RINCÓN POR RINCÓN: LEÓN

RINCÓN POR RINCÓN:  LEÓN
La catedrál y al fondo montes nevados

15 oct. 2018

FIN DE TEMPORADA

Su nombre era Juventino, pero todo el mundo le llamaba Juven lo mismo que a su abuelo que en paz descanse. Dicen que era un hombre muy reservado, de tez muy morena, que las palabras que salían de su boca, eran las justas, ni una de más, pero tampoco de menos; ancho de hombros, estatura media tirando a alta; no alcnzaba el perfil de enjuto, pero a pesar de tener músculos fuertes y resistentes, daba una falsa impresión de delgadez; el poco pelo que se adivinaba ya algo cano y hablan de una cadencia de voz pausada como de estar cansado.
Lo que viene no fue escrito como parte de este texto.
lemma additive_on_std_basis_expansion:
  assumes f: "additive_on (deg_part b i) f" and x: "x \<in> deg_part b i"
  shows "f x = (\<Sum>k<b i. x k * f (std_basis k))"
proof -
  define trunc where "trunc j = (\<lambda>k. if k < j then x k else (0::int))" for j
  have trunc_deg: "trunc j \<in> deg_part b i" for j using x unfolding trunc_def deg_part_def by auto
  have "f (trunc j) = (\<Sum>k<j. x k * f (std_basis k))" if "j \<le> b i" for j
    using that
  proof (induction j)
    case 0
    have "trunc 0 = vzero" unfolding trunc_def vzero_def by simp
    thus ?case using additive_on_vzero[OF f] by simp
  next
    case (Suc j)
    have "trunc (Suc j) = vadd (trunc j) (vsmult (x j) (std_basis j))"
      unfolding trunc_def vadd_def vsmult_def std_basis_def by (auto intro!: ext simp: less_Suc_eq)
    hence "f (trunc (Suc j)) = f (trunc j) + f (vsmult (x j) (std_basis j))"
      using f trunc_deg deg_part_vsmult deg_part_std_basis Suc.prems unfolding additive_on_def
      by (metis Suc_le_lessD)
    also have "f (vsmult (x j) (std_basis j)) = x j * f (std_basis j)"
      using additive_on_vsmult[OF f deg_part_std_basis] Suc.prems by simp
    finally show ?case using Suc by simp
  qed
  moreover have "trunc (b i) = x" using x unfolding trunc_def deg_part_def by (auto intro!: ext)
  ultimately show ?thesis by auto
qed

definition of_int_vec :: "(nat \<Rightarrow> int) \<Rightarrow> nat \<Rightarrow> 'a :: ring_1" where
  "of_int_vec u = (\<lambda>k. of_int (u k))"

section \<open>The cohomology algebra and its intersection form\<close>

locale cohomology_alg =
  fixes b :: "nat \<Rightarrow> nat"
    and m :: "nat \<Rightarrow> nat \<Rightarrow> (nat \<Rightarrow> int) \<Rightarrow> (nat \<Rightarrow> int) \<Rightarrow> (nat \<Rightarrow> int)"
    and p :: "(nat \<Rightarrow> int) \<Rightarrow> int"
  assumes cohomology_algebra: "cohomology_algebra b m p"
begin

abbreviation "D \<equiv> deg_part b"

lemma mult_closed: "i + j \<le> 4 \<Longrightarrow> x \<in> D i \<Longrightarrow> y \<in> D j \<Longrightarrow> m i j x y \<in> D (i + j)"
  using cohomology_algebra unfolding cohomology_algebra_def by (elim conjE) metis

lemma mult_vadd_left: "i + j \<le> 4 \<Longrightarrow> x \<in> D i \<Longrightarrow> x' \<in> D i \<Longrightarrow> y \<in> D j \<Longrightarrow>
    m i j (vadd x x') y = vadd (m i j x y) (m i j x' y)"
  using cohomology_algebra unfolding cohomology_algebra_def by (elim conjE) metis

lemma mult_vadd_right: "i + j \<le> 4 \<Longrightarrow> x \<in> D i \<Longrightarrow> y \<in> D j \<Longrightarrow> y' \<in> D j \<Longrightarrow>
    m i j x (vadd y y') = vadd (m i j x y) (m i j x y')"
  using cohomology_algebra unfolding cohomology_algebra_def by (elim conjE) metis

lemma mult_assoc: "i + j + k \<le> 4 \<Longrightarrow> x \<in> D i \<Longrightarrow> y \<in> D j \<Longrightarrow> z \<in> D k \<Longrightarrow>
    m (i + j) k (m i j x y) z = m i (j + k) x (m j k y z)"
  using cohomology_algebra unfolding cohomology_algebra_def by (elim conjE) metis

lemma mult_graded_commute: "i + j \<le> 4 \<Longrightarrow> x \<in> D i \<Longrightarrow> y \<in> D j \<Longrightarrow>
    m i j x y = vsmult ((-1) ^ (i * j)) (m j i y x)"
  using cohomology_algebra unfolding cohomology_algebra_def by (elim conjE) metis

lemma p_additive: "additive_on (D 4) p"
  using cohomology_algebra unfolding cohomology_algebra_def by (elim conjE) metis

lemma perfect_pairing: "i \<le> 4 \<Longrightarrow> additive_on (D (4 - i)) f \<Longrightarrow>
    \<exists>!x. x \<in> D i \<and> (\<forall>y\<in>D (4 - i). p (m i (4 - i) x y) = f y)"
  using cohomology_algebra unfolding cohomology_algebra_def by (elim conjE) metis

lemma additive_on_mult_left:
  assumes ij: "i + j \<le> 4" and y: "y \<in> D j" and g: "additive_on (D (i + j)) g"
  shows "additive_on (D i) (\<lambda>x. g (m i j x y))"
  unfolding additive_on_def
proof (intro ballI)
  fix x x' assume x: "x \<in> D i" and x': "x' \<in> D i"
  have "m i j x y \<in> D (i+j)" "m i j x' y \<in> D (i+j)" using mult_closed[OF ij] x x' y by auto
  thus "g (m i j (vadd x x') y) = g (m i j x y) + g (m i j x' y)"
    unfolding mult_vadd_left[OF ij x x' y] using g unfolding additive_on_def by blast
qed

lemma additive_on_mult_right:
  assumes ij: "i + j \<le> 4" and x: "x \<in> D i" and g: "additive_on (D (i + j)) g"
  shows "additive_on (D j) (\<lambda>y. g (m i j x y))"
  unfolding additive_on_def
proof (intro ballI)
  fix y y' assume y: "y \<in> D j" and y': "y' \<in> D j"
  have "m i j x y \<in> D (i+j)" "m i j x y' \<in> D (i+j)" using mult_closed[OF ij] x y y' by auto
  thus "g (m i j x (vadd y y')) = g (m i j x y) + g (m i j x y')"
    unfolding mult_vadd_right[OF ij x y y'] using g unfolding additive_on_def by blast
qed

lemma mult11_closed: "x \<in> D 1 \<Longrightarrow> y \<in> D 1 \<Longrightarrow> m 1 1 x y \<in> D 2"
  using mult_closed[of 1 1 x y] by (simp add: numeral_2_eq_2)

lemma mult11_anticommute: "x \<in> D 1 \<Longrightarrow> y \<in> D 1 \<Longrightarrow> m 1 1 y x = vsmult (-1) (m 1 1 x y)"
  using mult_graded_commute[of 1 1 y x] by simp

lemma mult11_self: assumes x: "x \<in> D 1" shows "m 1 1 x x = vzero"
proof -
  have e: "m 1 1 x x = vsmult (-1) (m 1 1 x x)" using mult11_anticommute[OF x x] .
  have "m 1 1 x x r = 0" for r using fun_cong[OF e, of r] unfolding vsmult_def by simp
  thus ?thesis unfolding vzero_def by (intro ext) simp
qed

abbreviation \<Gamma> :: "(nat \<Rightarrow> int) \<Rightarrow> (nat \<Rightarrow> int) \<Rightarrow> int" where
  "\<Gamma> u v \<equiv> p (m 2 2 u v)"

abbreviation prod4 :: "(nat \<Rightarrow> int) \<Rightarrow> (nat \<Rightarrow> int) \<Rightarrow> (nat \<Rightarrow> int) \<Rightarrow> (nat \<Rightarrow> int) \<Rightarrow> int" where
  "prod4 x y z w \<equiv> \<Gamma> (m 1 1 x y) (m 1 1 z w)"

lemma \<Gamma>_additive_left: "v \<in> D 2 \<Longrightarrow> additive_on (D 2) (\<lambda>u. \<Gamma> u v)"
  using additive_on_mult_left[of 2 2 v p] p_additive by simp

lemma \<Gamma>_additive_right: "u \<in> D 2 \<Longrightarrow> additive_on (D 2) (\<lambda>v. \<Gamma> u v)"
  using additive_on_mult_right[of 2 2 u p] p_additive by simp

lemma \<Gamma>_sym: "u \<in> D 2 \<Longrightarrow> v \<in> D 2 \<Longrightarrow> \<Gamma> u v = \<Gamma> v u"
  using mult_graded_commute[of 2 2 u v] by (simp add: vsmult_def)

lemma prod4_assoc:
  assumes "x \<in> D 1" "y \<in> D 1" "z \<in> D 1" "w \<in> D 1"
  shows "prod4 x y z w = p (m 1 3 x (m 2 1 (m 1 1 y z) w))"
proof -
  have "m 2 2 (m 1 1 x y) (m 1 1 z w) = m 1 3 x (m 1 2 y (m 1 1 z w))"
    using mult_assoc[of 1 1 2, OF _ assms(1,2) mult11_closed[OF assms(3,4)]] by (simp add: numeral_eq_Suc)
  moreover have "m 2 1 (m 1 1 y z) w = m 1 2 y (m 1 1 z w)"
    using mult_assoc[of 1 1 1, OF _ assms(2,3,4)] by (simp add: numeral_eq_Suc)
  ultimately show ?thesis by simp
qed

lemma prod4_additive_middle:
  assumes x: "x \<in> D 1" and w: "w \<in> D 1"
  shows "additive_on (D 2) (\<lambda>u. p (m 1 3 x (m 2 1 u w)))"
proof -
  have "additive_on (D 3) (\<lambda>v. p (m 1 3 x v))"
    using additive_on_mult_right[of 1 3 x p] p_additive x by simp
  thus ?thesis using additive_on_mult_left[of 2 1 w "\<lambda>v. p (m 1 3 x v)"] w by simp
qed

lemma prod4_swap34:
  assumes "x \<in> D 1" "y \<in> D 1" "z \<in> D 1" "w \<in> D 1"
  shows "prod4 x y w z = - prod4 x y z w"
  using mult11_anticommute[of z w]
    additive_on_vsmult[OF \<Gamma>_additive_right[OF mult11_closed[of x y]] mult11_closed[of z w], of "-1"]
    assms by simp

lemma prod4_swap23:
  assumes "x \<in> D 1" "y \<in> D 1" "z \<in> D 1" "w \<in> D 1"
  shows "prod4 x z y w = - prod4 x y z w"
  using prod4_assoc[of x y z w] prod4_assoc[of x z y w] mult11_anticommute[of y z]
    additive_on_vsmult[OF prod4_additive_middle[of x w] mult11_closed[of y z], of "-1"] assms
  by simp

lemma prod4_eq12: "x \<in> D 1 \<Longrightarrow> z \<in> D 1 \<Longrightarrow> w \<in> D 1 \<Longrightarrow> prod4 x x z w = 0"
  using mult11_self[of x] additive_on_vzero[OF \<Gamma>_additive_left[OF mult11_closed[of z w]]] by simp

lemma prod4_eq23: "x \<in> D 1 \<Longrightarrow> y \<in> D 1 \<Longrightarrow> w \<in> D 1 \<Longrightarrow> prod4 x y y w = 0"
  using prod4_assoc[of x y y w] mult11_self[of y] additive_on_vzero[OF prod4_additive_middle[of x w]]
  by simp

lemma prod4_eq13: "x \<in> D 1 \<Longrightarrow> y \<in> D 1 \<Longrightarrow> z \<in> D 1 \<Longrightarrow> prod4 x y x z = 0"
  using prod4_swap23[of x x y z] prod4_eq12[of x y z] by simp

lemma prod4_eq24: "x \<in> D 1 \<Longrightarrow> y \<in> D 1 \<Longrightarrow> z \<in> D 1 \<Longrightarrow> prod4 x y z y = 0"
  using prod4_swap34[of x y y z] prod4_eq23[of x y z] by simp

lemma prod4_eq14: "x \<in> D 1 \<Longrightarrow> y \<in> D 1 \<Longrightarrow> z \<in> D 1 \<Longrightarrow> prod4 x y z x = 0"
  using prod4_swap34[of x y x z] prod4_eq13[of x y z] by simp

lemma prod4_swap_pairs:
  "x \<in> D 1 \<Longrightarrow> y \<in> D 1 \<Longrightarrow> z \<in> D 1 \<Longrightarrow> w \<in> D 1 \<Longrightarrow> prod4 z w x y = prod4 x y z w"
  using \<Gamma>_sym[OF mult11_closed[of z w] mult11_closed[of x y]] by simp

lemma \<Gamma>_std_basis_expansion:
  assumes u: "u \<in> D 2" and v: "v \<in> D 2"
  shows "\<Gamma> u v = (\<Sum>k<b 2. \<Sum>l<b 2. u k * v l * \<Gamma> (std_basis k) (std_basis l))"
proof -
  have "\<Gamma> u v = (\<Sum>l<b 2. v l * \<Gamma> u (std_basis l))"
    using additive_on_std_basis_expansion[OF \<Gamma>_additive_right[OF u] v] .
  also have "\<dots> = (\<Sum>l<b 2. v l * (\<Sum>k<b 2. u k * \<Gamma> (std_basis k) (std_basis l)))"
    using additive_on_std_basis_expansion[OF \<Gamma>_additive_left[OF deg_part_std_basis] u] by simp
  also have "\<dots> = (\<Sum>k<b 2. \<Sum>l<b 2. u k * v l * \<Gamma> (std_basis k) (std_basis l))"
    by (subst sum.swap) (simp add: sum_distrib_left algebra_simps)
  finally show ?thesis .
qed

lemma Gamma_matrix_carrier: "Gamma_matrix b m p \<in> carrier_mat (b 2) (b 2)"
  unfolding Gamma_matrix_def by simp

lemma Gamma_matrix_index:
  "k < b 2 \<Longrightarrow> l < b 2 \<Longrightarrow> Gamma_matrix b m p $$ (k,l) = of_int (\<Gamma> (std_basis k) (std_basis l))"
  unfolding Gamma_matrix_def Gamma_form_def by simp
Vestía un pantalón ajustado que no le llegaba ni a la rodilla, junto a una camiseta también muy ajustada con grandes bolsones sobre los riñones, unos zapatos negros, calcetines blancos además de un casco con secciones abiertas para el aire y montaba una bicicleta de carrera de esas que ahora llaman de carretera.

Justo en el momento que trato de describir, sudaba a mares, a pesar de tener el cuello hundido, tenía una mirada ausente de rumbo, como si estuviera desorientado y se le oía respirar con cierta dificultad. Acababa de subir un gran puerto y los grandes desniveles junto a la larga distancia acumulada en el llano, seguramente, le habían generado una gran fatiga. Tengo la visión fugaz de una caída a cámara lenta, pero en realidad, se desplomó en un instante sobre su bicicleta, perdiendo el conocimiento en la caída o tal vez fuera la pérdida de consciencia lo que la provocó. Alguien me susurró al oído “este tío está muerto”, pero agoreros les hay en todas partes.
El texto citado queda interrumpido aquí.